WHAT YOU SHOULD DO:
Below are records; write all of them out exactly.
(STORED DATA begins)
theorem lemma5:
  fixes \<iota> :: "'k::{finite,field} \<Rightarrow> 'l::{finite,field}"
    and q d m :: nat and p h f :: "'k poly" and \<alpha> :: 'k and \<xi> :: "'k poly poly"
    and \<theta> :: 'l and \<phi> :: "'k poly poly \<Rightarrow> 'l poly"
  assumes q: "q = CARD('k)"
    and d: "odd d" "d \<ge> 5" and m: "m > 0" "m dvd d"
    and p: "lead_coeff p = 1" "irreducible p" "Polynomial.degree p = d div m"
    and \<alpha>: "\<alpha> \<noteq> 0" and f: "f = Polynomial.smult \<alpha> (p ^ m)"
    and h: "h \<noteq> 0" "Polynomial.degree h \<le> (d - 1) div 2" "\<not> p dvd h"
    and \<xi>: "\<xi> = [:- f, h, 1:]"
    and nonsing: "\<forall>x y :: 'k alg_closure.
        \<not> (poly (poly (map_poly (map_poly to_ac) \<xi>) [:y:]) x = 0 \<and>
           poly (poly (map_poly (map_poly to_ac) (map_poly pderiv \<xi>)) [:y:]) x = 0 \<and>
           poly (poly (map_poly (map_poly to_ac) (pderiv \<xi>)) [:y:]) x = 0)"
    and \<iota>: "inj \<iota>" "\<iota> 1 = 1" "\<forall>a b. \<iota> (a + b) = \<iota> a + \<iota> b" "\<forall>a b. \<iota> (a * b) = \<iota> a * \<iota> b"
    and L: "CARD('l) = q ^ d"
    and \<theta>: "poly (map_poly \<iota> p) \<theta> = 0"
    and \<phi>: "\<phi> \<in> Dr1 q \<iota> \<theta> \<xi>"
  shows "\<exists>\<Delta> g \<beta>. \<Delta> \<noteq> 0 \<and> \<beta> \<noteq> 0 \<and>
           \<phi> varX = [:gam \<iota> \<theta> varX, g, \<Delta>:] \<and>
           \<phi> varY = Polynomial.monom (\<iota> \<beta>) d \<and>
           \<iota> (\<beta> ^ 2) = \<iota> \<alpha> * fnorm q d \<Delta> \<and>
           (\<forall>\<psi> \<in> Dr1 q \<iota> \<theta> \<xi>. \<psi> varX = \<phi> varX \<longrightarrow> \<psi> = \<phi>)"
proof -
  have hom: "comm_ring_hom \<iota>"
    using \<iota>(2-4) by unfold_locales auto
  interpret dr1_module \<iota> q d m p h f \<alpha> \<xi> \<theta> \<phi>
    using hom q d m p \<alpha> f h \<xi> \<iota>(1) L \<theta> \<phi> unfolding dr1_module_def dr1_module_axioms_def by blast
  obtain \<beta> where \<beta>: "\<iota> \<beta> = lead_coeff (\<phi> varY)"
    using power_card_eq_self_imp_in_range[OF hom \<iota>(1)] lead_coeff_phi_varY_power q by force
  show ?thesis
  proof (intro exI conjI)
    show "\<Delta> \<noteq> 0"
      by (rule Delta_nonzero)
    show "\<beta> \<noteq> 0"
      using \<beta> phi_varY_nonzero by auto
    show "\<phi> varX = [:gam \<iota> \<theta> varX, coeff (\<phi> varX) 1, \<Delta>:]"
      using phi_varX by (simp add: gam_varX)
    show "\<phi> varY = monom (\<iota> \<beta>) d"
      using \<beta> phi_varY by simp
    show "\<iota> (\<beta> ^ 2) = \<iota> \<alpha> * fnorm q d \<Delta>"
      using \<beta> lead_coeff_phi_varY_square by (simp add: \<iota>.hom_power)
    show "\<forall>\<psi>\<in>Dr1 q \<iota> \<theta> \<xi>. \<psi> varX = \<phi> varX \<longrightarrow> \<psi> = \<phi>"
      using dr1_module_unique by blast
  qed
qed

end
(STORED DATA ends)
WRITTEN SOLUTION:
theorem lemma5:
  fixes \<iota> :: "'k::{finite,field} \<Rightarrow> 'l::{finite,field}"
    and q d m :: nat and p h f :: "'k poly" and \<alpha> :: 'k and \<xi> :: "'k poly poly"
    and \<theta> :: 'l and \<phi> :: "'k poly poly \<Rightarrow> 'l poly"
  assumes q: "q = CARD('k)"
    and d: "odd d" "d \<ge> 5" and m: "m > 0" "m dvd d"
    and p: "lead_coeff p = 1" "irreducible p" "Polynomial.degree p = d div m"
    and \<alpha>: "\<alpha> \<noteq> 0" and f: "f = Polynomial.smult \<alpha> (p ^ m)"
    and h: "h \<noteq> 0" "Polynomial.degree h \<le> (d - 1) div 2" "\<not> p dvd h"
    and \<xi>: "\<xi> = [:- f, h, 1:]"
    and nonsing: "\<forall>x y :: 'k alg_closure.
        \<not> (poly (poly (map_poly (map_poly to_ac) \<xi>) [:y:]) x = 0 \<and>
           poly (poly (map_poly (map_poly to_ac) (map_poly pderiv \<xi>)) [:y:]) x = 0 \<and>
           poly (poly (map_poly (map_poly to_ac) (pderiv \<xi>)) [:y:]) x = 0)"
    and \<iota>: "inj \<iota>" "\<iota> 1 = 1" "\<forall>a b. \<iota> (a + b) = \<iota> a + \<iota> b" "\<forall>a b. \<iota> (a * b) = \<iota> a * \<iota> b"
    and L: "CARD('l) = q ^ d"
    and \<theta>: "poly (map_poly \<iota> p) \<theta> = 0"
    and \<phi>: "\<phi> \<in> Dr1 q \<iota> \<theta> \<xi>"
  shows "\<exists>\<Delta> g \<beta>. \<Delta> \<noteq> 0 \<and> \<beta> \<noteq> 0 \<and>
           \<phi> varX = [:gam \<iota> \<theta> varX, g, \<Delta>:] \<and>
           \<phi> varY = Polynomial.monom (\<iota> \<beta>) d \<and>
           \<iota> (\<beta> ^ 2) = \<iota> \<alpha> * fnorm q d \<Delta> \<and>
           (\<forall>\<psi> \<in> Dr1 q \<iota> \<theta> \<xi>. \<psi> varX = \<phi> varX \<longrightarrow> \<psi> = \<phi>)"
proof -
  have hom: "comm_ring_hom \<iota>"
    using \<iota>(2-4) by unfold_locales auto
  interpret dr1_module \<iota> q d m p h f \<alpha> \<xi> \<theta> \<phi>
    using hom q d m p \<alpha> f h \<xi> \<iota>(1) L \<theta> \<phi> unfolding dr1_module_def dr1_module_axioms_def by blast
  obtain \<beta> where \<beta>: "\<iota> \<beta> = lead_coeff (\<phi> varY)"
    using power_card_eq_self_imp_in_range[OF hom \<iota>(1)] lead_coeff_phi_varY_power q by force
  show ?thesis
  proof (intro exI conjI)
    show "\<Delta> \<noteq> 0"
      by (rule Delta_nonzero)
    show "\<beta> \<noteq> 0"
      using \<beta> phi_varY_nonzero by auto
    show "\<phi> varX = [:gam \<iota> \<theta> varX, coeff (\<phi> varX) 1, \<Delta>:]"
      using phi_varX by (simp add: gam_varX)
    show "\<phi> varY = monom (\<iota> \<beta>) d"
      using \<beta> phi_varY by simp
    show "\<iota> (\<beta> ^ 2) = \<iota> \<alpha> * fnorm q d \<Delta>"
      using \<beta> lead_coeff_phi_varY_square by (simp add: \<iota>.hom_power)
    show "\<forall>\<psi>\<in>Dr1 q \<iota> \<theta> \<xi>. \<psi> varX = \<phi> varX \<longrightarrow> \<psi> = \<phi>"
      using dr1_module_unique by blast
  qed
qed

end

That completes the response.